Delicatessen and cured products

JEAN FLOC’H possesses the industrial capacity necessary to meet the specific requirements of the distributor brand market at the level of both cooked and uncooked products.


One of JEAN FLOC’H’s core skills: portioning represents a key area of the Group’s expertise as is clearly shown by the quality of the results and the productivity of its teams.

Portioning operations are organised to satisfy a number of criteria that explain the success of this activity: responsiveness that permits the timely processing of orders based on very short procurement times and an ability to adapt to customer requirements.

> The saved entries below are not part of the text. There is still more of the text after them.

(* Under Assumption 1, for any policy $\pi\in\Pi$ that does not use prior knowledge of the exact bias $V_{\mathrm{true}}=\|\theta_*'-\theta_*\|$, $$\sup_{(\theta_*',\theta_* )\in\Theta^\dagger\times\Theta^\dagger}R^\pi_{\theta_*',\theta_*}(T)\in\Omega(\sqrt T).$$
   Context: Model (CB-OPOD). Online features $(x_t,y_t)\in\mathcal X\times\mathcal Y\subset\mathbb R^{d_1}\times\mathbb R^{d_2}$ i.i.d.; demand $D_t=\alpha_*^\top x_t+\beta_*^\top y_tp_t+\epsilon_t$ with unknown $\theta_*=(\alpha_*,\beta_* )\in\Theta^\dagger$ and independent zero-mean $R$-subgaussian $\epsilon_t$. Offline data $\{(\hat x_n,\hat y_n,\hat p_n,\hat D_n)\}_{n=1}^N$ with deterministic $(\hat x_n,\hat y_n,\hat p_n)$ and $\hat D_n=\alpha_*'^\top\hat x_n+\beta_*'^\top\hat y_n\hat p_n+\hat\epsilon_n$ with unknown $\theta_*'\in\Theta^\dagger$. $r_\theta(p,x,y)=p(\alpha^\top x+\beta^\top yp)$, $p^*_\theta,r^*_\theta$ maximizer/maximum over $p\ge0$. $\Pi$: policies choosing $p_t$ from the offline data, past online observations and $(x_t,y_t)$. Regret $R^\pi_{\theta_*',\theta_*}(T)=\mathbb E[\sum_{t=1}^Tr^*_{\theta_*}(x_t,y_t)-r_{\theta_*}(p_t,x_t,y_t)]$. Assumption 1: (1) $\Theta^\dagger$, $\mathcal X\times\mathcal Y$ compact with norm bounds $\alpha_{\max},\beta_{\max},x_{\max},y_{\max}$; (2) $\mathbb E[x_1x_1^\top],\mathbb E[y_1y_1^\top]$ positive definite; (3) positive constants with $l_\alpha\le\alpha^\top x\le u_\alpha$ and $l_\beta\le-\beta^\top y\le u_\beta$ on $\Theta^\dagger\times(\mathcal X\times\mathcal Y)$. *)

theory Defs
  imports "HOL-Probability.Probability"
begin

text \<open>Parameters theta = (alpha, beta) live in 'a \<times> 'b, features x :: 'a, y :: 'b.
  An observation is (x, y, p, D).\<close>

type_synonym ('a, 'b) obs = "'a \<times> 'b \<times> real \<times> real"

definition demand :: "('a::real_inner \<times> 'b::real_inner) \<Rightarrow> 'a \<Rightarrow> 'b \<Rightarrow> real \<Rightarrow> real" where
  "demand \<theta> x y p = fst \<theta> \<bullet> x + (snd \<theta> \<bullet> y) * p"

definition revenue :: "('a::real_inner \<times> 'b::real_inner) \<Rightarrow> real \<Rightarrow> 'a \<Rightarrow> 'b \<Rightarrow> real" where
  "revenue \<theta> p x y = p * (fst \<theta> \<bullet> x + (snd \<theta> \<bullet> y) * p)"

definition opt_revenue :: "('a::real_inner \<times> 'b::real_inner) \<Rightarrow> 'a \<Rightarrow> 'b \<Rightarrow> real" where
  "opt_revenue \<theta> x y = (SUP p\<in>{0..}. revenue \<theta> p x y)"

text \<open>Offline data set of size N: deterministic design (xh, yh, ph), noise eh, parameter theta'.\<close>
definition offline_data ::
  "('a::real_inner \<times> 'b::real_inner) \<Rightarrow> (nat \<Rightarrow> 'a) \<Rightarrow> (nat \<Rightarrow> 'b) \<Rightarrow> (nat \<Rightarrow> real) \<Rightarrow> nat
     \<Rightarrow> (nat \<Rightarrow> real) \<Rightarrow> ('a, 'b) obs list" where
  "offline_data \<theta>' xh yh ph N eh =
     map (\<lambda>n. (xh n, yh n, ph n, demand \<theta>' (xh n) (yh n) (ph n) + eh n)) [0..<N]"

text \<open>The (already horizon- and offline-data-applied) policy
  maps the list of past online observations and the current features to a price.
  The online sample \<omega> t = ((x_t, y_t), eps_t).\<close>
fun history ::
  "(('a::real_inner, 'b::real_inner) obs list \<Rightarrow> ('a \<times> 'b) \<Rightarrow> real) \<Rightarrow> ('a \<times> 'b)
     \<Rightarrow> (nat \<Rightarrow> ('a \<times> 'b) \<times> real) \<Rightarrow> nat \<Rightarrow> ('a, 'b) obs list" where
  "history \<pi> \<theta> \<omega> 0 = []"
| "history \<pi> \<theta> \<omega> (Suc t) =
     history \<pi> \<theta> \<omega> t @
       [(let z = fst (\<omega> t); p = \<pi> (history \<pi> \<theta> \<omega> t) z
         in (fst z, snd z, p, demand \<theta> (fst z) (snd z) p + snd (\<omega> t)))]"

definition price ::
  "(('a::real_inner, 'b::real_inner) obs list \<Rightarrow> ('a \<times> 'b) \<Rightarrow> real) \<Rightarrow> ('a \<times> 'b)
     \<Rightarrow> (nat \<Rightarrow> ('a \<times> 'b) \<times> real) \<Rightarrow> nat \<Rightarrow> real" where
  "price \<pi> \<theta> \<omega> t = \<pi> (history \<pi> \<theta> \<omega> t) (fst (\<omega> t))"

text \<open>A policy: horizon T, offline data, past online observations, current features \<mapsto> price.\<close>
type_synonym ('a, 'b) policy =
  "nat \<Rightarrow> ('a, 'b) obs list \<Rightarrow> ('a, 'b) obs list \<Rightarrow> ('a \<times> 'b) \<Rightarrow> real"

definition sample_space ::
  "('a::euclidean_space \<times> 'b::euclidean_space) measure \<Rightarrow> real measure \<Rightarrow> real measure \<Rightarrow> nat \<Rightarrow> nat
     \<Rightarrow> ((nat \<Rightarrow> ('a \<times> 'b) \<times> real) \<times> (nat \<Rightarrow> real)) measure" where
  "sample_space F E Eh T N = (PiM {..<T} (\<lambda>_. F \<Otimes>\<^sub>M E)) \<Otimes>\<^sub>M (PiM {..<N} (\<lambda>_. Eh))"

definition policy_price ::
  "('a::euclidean_space, 'b::euclidean_space) policy \<Rightarrow> (nat \<Rightarrow> 'a) \<Rightarrow> (nat \<Rightarrow> 'b) \<Rightarrow> (nat \<Rightarrow> real)
     \<Rightarrow> nat \<Rightarrow> nat \<Rightarrow> ('a \<times> 'b) \<Rightarrow> ('a \<times> 'b)
     \<Rightarrow> (nat \<Rightarrow> ('a \<times> 'b) \<times> real) \<times> (nat \<Rightarrow> real) \<Rightarrow> nat \<Rightarrow> real" where
  "policy_price pol xh yh ph N T \<theta>' \<theta> \<omega> t =
     price (pol T (offline_data \<theta>' xh yh ph N (snd \<omega>))) \<theta> (fst \<omega>) t"

text \<open>Expected regret R^pi_{theta', theta}(T) (integrand is nonnegative, so the
  nonnegative integral is used).\<close>
definition regret ::
  "('a::euclidean_space, 'b::euclidean_space) policy \<Rightarrow> ('a \<times> 'b) measure \<Rightarrow> real measure \<Rightarrow> real measure
     \<Rightarrow> (nat \<Rightarrow> 'a) \<Rightarrow> (nat \<Rightarrow> 'b) \<Rightarrow> (nat \<Rightarrow> real) \<Rightarrow> nat \<Rightarrow> nat
     \<Rightarrow> ('a \<times> 'b) \<Rightarrow> ('a \<times> 'b) \<Rightarrow> ennreal" where
  "regret pol F E Eh xh yh ph N T \<theta>' \<theta> =
     (\<integral>\<^sup>+ \<omega>. ennreal (\<Sum>t<T.
         opt_revenue \<theta> (fst (fst (fst \<omega> t))) (snd (fst (fst \<omega> t)))
         - revenue \<theta> (policy_price pol xh yh ph N T \<theta>' \<theta> \<omega> t)
              (fst (fst (fst \<omega> t))) (snd (fst (fst \<omega> t))))
       \<partial>sample_space F E Eh T N)"

text \<open>Membership in Pi: prices are measurable functions of the randomness.\<close>
definition admissible_policy ::
  "('a::euclidean_space, 'b::euclidean_space) policy \<Rightarrow> ('a \<times> 'b) set \<Rightarrow> ('a \<times> 'b) measure
     \<Rightarrow> real measure \<Rightarrow> real measure \<Rightarrow> (nat \<Rightarrow> 'a) \<Rightarrow> (nat \<Rightarrow> 'b) \<Rightarrow> (nat \<Rightarrow> real) \<Rightarrow> nat \<Rightarrow> bool" where
  "admissible_policy pol \<Theta> F E Eh xh yh ph N \<longleftrightarrow>
     (\<forall>T. \<forall>\<theta>'\<in>\<Theta>. \<forall>\<theta>\<in>\<Theta>. \<forall>t<T.
        (\<lambda>\<omega>. policy_price pol xh yh ph N T \<theta>' \<theta> \<omega> t) \<in> borel_measurable (sample_space F E Eh T N))"

definition subgaussian_zero_mean :: "real \<Rightarrow> real measure \<Rightarrow> bool" where
  "subgaussian_zero_mean R E \<longleftrightarrow>
     prob_space E \<and> sets E = sets borel \<and> integrable E (\<lambda>e. e) \<and> (\<integral>e. e \<partial>E) = 0 \<and>
     (\<forall>l. integrable E (\<lambda>e. exp (l * e)) \<and> (\<integral>e. exp (l * e) \<partial>E) \<le> exp (l\<^sup>2 * R\<^sup>2 / 2))"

Versatile and multifaceted: JEAN FLOC’H handles its orders for portioned products in real time – from just a few kilos through to several tonnes – and provides packaging in the form of trays, small crates or ordinary boxes.

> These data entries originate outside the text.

lemma root_chain_of_prime_edge:
  assumes div: "divisible G" and pe: "prime_edge V E a x"
  shows "root_chain V E x a"
proof -
  have Eax: "E a x" "\<not> closed_twins V E a x" using pe unfolding prime_edge_def by auto
  have a: "a \<in> V" "a \<noteq> \<one>" and x: "x \<in> V" "x \<noteq> \<one>"
    using pm_power_adj_carrier[OF Eax(1)] adj_ne_one[OF Eax(1)] by auto
  show ?thesis
  proof (cases rule: adj_not_twins_cases[OF Eax])
    case (1 n)
    have "prime_edge V E x a" using pe prime_edge_sym[of E, OF pm_power_adj_sym] by blast
    hence "prime \<bar>n\<bar>" using prime_of_prime_edge[OF a 1(1)] 1(2) by simp
    thus ?thesis using root_chains_prime_square(1)[OF a] 1(2) by simp
  next
    case (2 n)
    hence p: "prime \<bar>n\<bar>" using prime_of_prime_edge[OF x 2(1)] pe by simp
    have "n \<noteq> 0" using 2(1) by auto
    then obtain y where y: "y \<in> V" "y [^] n = x" using divisible_root[OF div x(1)] by blast
    hence "y \<noteq> \<one>" using x by auto
    moreover have "a = y [^] (n * n)" using 2(2) y int_pow_pow[OF y(1), of n n] by simp
    ultimately show ?thesis using root_chains_prime_square(2)[OF y(1) _ p] y by simp
  qed
qed
definition only_decomposable :: "(nat list \<Rightarrow> real) \<Rightarrow> (nat list \<Rightarrow> real) set \<Rightarrow> nat set \<Rightarrow> nat \<Rightarrow> bool" where
  "only_decomposable C V I d \<longleftrightarrow>
     C \<in> mod_set C V I d \<and> decomposable I d C \<and>
     (\<forall>T\<in>mod_set C V I d. decomposable I d T \<longrightarrow> (\<forall>ks\<in>tdom I d. T ks = C ks))"

definition alpha :: "nat \<Rightarrow> nat \<Rightarrow> real" where
  "alpha i p = (if p = 2*i - 1 \<or> p = 2*i then 1 else 0)"

definition asum :: "nat set \<Rightarrow> nat \<Rightarrow> real" where
  "asum A p = (\<Sum>i\<in>A. alpha i p)"

definition vcat :: "nat \<Rightarrow> (nat \<Rightarrow> real) \<Rightarrow> (nat \<Rightarrow> real) \<Rightarrow> nat \<Rightarrow> real" where
  "vcat n a b p = (if p \<le> 2*n then a p else b (p - 2*n))"

definition utype :: "nat \<Rightarrow> nat \<Rightarrow> nat \<Rightarrow> real \<Rightarrow> (nat \<Rightarrow> real) set" where
  "utype n a b c = {vcat n (asum A) (\<lambda>p. c * asum K p) | A K.
       A \<subseteq> {1..n} \<and> card A = a \<and> K \<subseteq> {1..n} \<and> card K = b}"

definition Uset :: "nat \<Rightarrow> (nat \<Rightarrow> real) set" where
  "Uset n = (let r = real n in
      utype n 4 0 1 \<union> utype n 3 0 1 \<union> utype n 2 0 1 \<union> utype n 1 0 1 \<union>
      utype n 4 1 1 \<union>
      utype n 2 1 ((r-2)^2 / ((r-3)*(r-1))) \<union>
      utype n 1 1 ((r-2)/(r-3)) \<union>
      utype n 1 1 ((r-1)/(r-4)) \<union>
      utype n 3 2 1 \<union>
      utype n 2 2 ((r-2)/(r-3)) \<union>
      utype n 2 1 ((r-2)/(r-4)) \<union>
      utype n 0 1 1 \<union>
      utype n 3 1 ((r-3)/(r-4)) \<union>
      utype n 3 1 ((r-2)/(r-1)) \<union>
      utype n 1 2 ((r-1)/(r-3)) \<union>
      utype n 0 2 1)"

text \<open>pi(a_1..a_{2n}, b_1..b_{2n}) = (b_2,...,b_{2n},b_1,a_2,...,a_{2n},a_1), with
  a_p = w p and b_p = w (2n+p).\<close>
definition piv :: "nat \<Rightarrow> (nat \<Rightarrow> real) \<Rightarrow> nat \<Rightarrow> real" where
  "piv n w q = (if q < 2*n then w (2*n + q + 1)
                else if q = 2*n then w (2*n + 1)
                else if q < 4*n then w (q - 2*n + 1)
                else w 1)"

definition Wset :: "nat \<Rightarrow> (nat list \<Rightarrow> real) set" where
  "Wset n = (tpow ` Uset n) \<union> ((\<lambda>u. tpow (piv n u)) ` Uset n)"

end

theory Submission
  imports Defs "HOL-Library.Multiset"
begin

text \<open>Index lists whose entries lie in pairwise different pairs \<open>{2i-1, 2i}\<close>, both for the
  pairing seen by the vectors of \<open>U\<close> and for the cyclically shifted pairing seen by their
  images under \<open>\<pi>\<close>, are annihilated (after deleting any one entry) by every element of
  \<open>\<W>\<close>: a product of five entries of \<open>u\<close> needs five distinct pairs in the support of \<open>u\<close>,
  but on either half of \<open>\<real>\<^sup>4\<^sup>n\<close> the support meets at most four of them.
  Hence a tensor \<open>T\<close> in \<open>\<I> mod \<W>\<close> equals 1 on such lists. If moreover
  \<open>T = v\<^sub>1 \<otimes> \<dots> \<otimes> v\<^sub>6\<close>, two such lists differing in one coordinate by a unit step force
  \<open>v\<^sub>i(x) = v\<^sub>i(x+1)\<close>; since \<open>n \<ge> 7\<close> leaves five pairs untouched by any given unit
  step, every unit step is realised, so every \<open>v\<^sub>i\<close> is constant and \<open>T = \<I>\<close>.\<close>

lemma tdom_nth: "ks \<in> tdom I d \<Longrightarrow> j < d \<Longrightarrow> ks ! j \<in> I"
  unfolding tdom_def using nth_mem by blast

We offer a wide range to cater for many different serving ideas: Toulouse sausage, traditional sausages, plain or herb chipolatas, authentic merguez, mixed platters, andouillettes, chorizo for cooking, etc.

With the advent of new cooking equipment, consumers are looking for new barbecue product ideas all year round. They know exactly what they are looking for: products that are practical, budget-friendly and inviting. 

To respond to these expectations, the visual image of JEAN FLOC’H products is, in line with their quality level, associated less with barbecue/garden than it is with a premium food experience.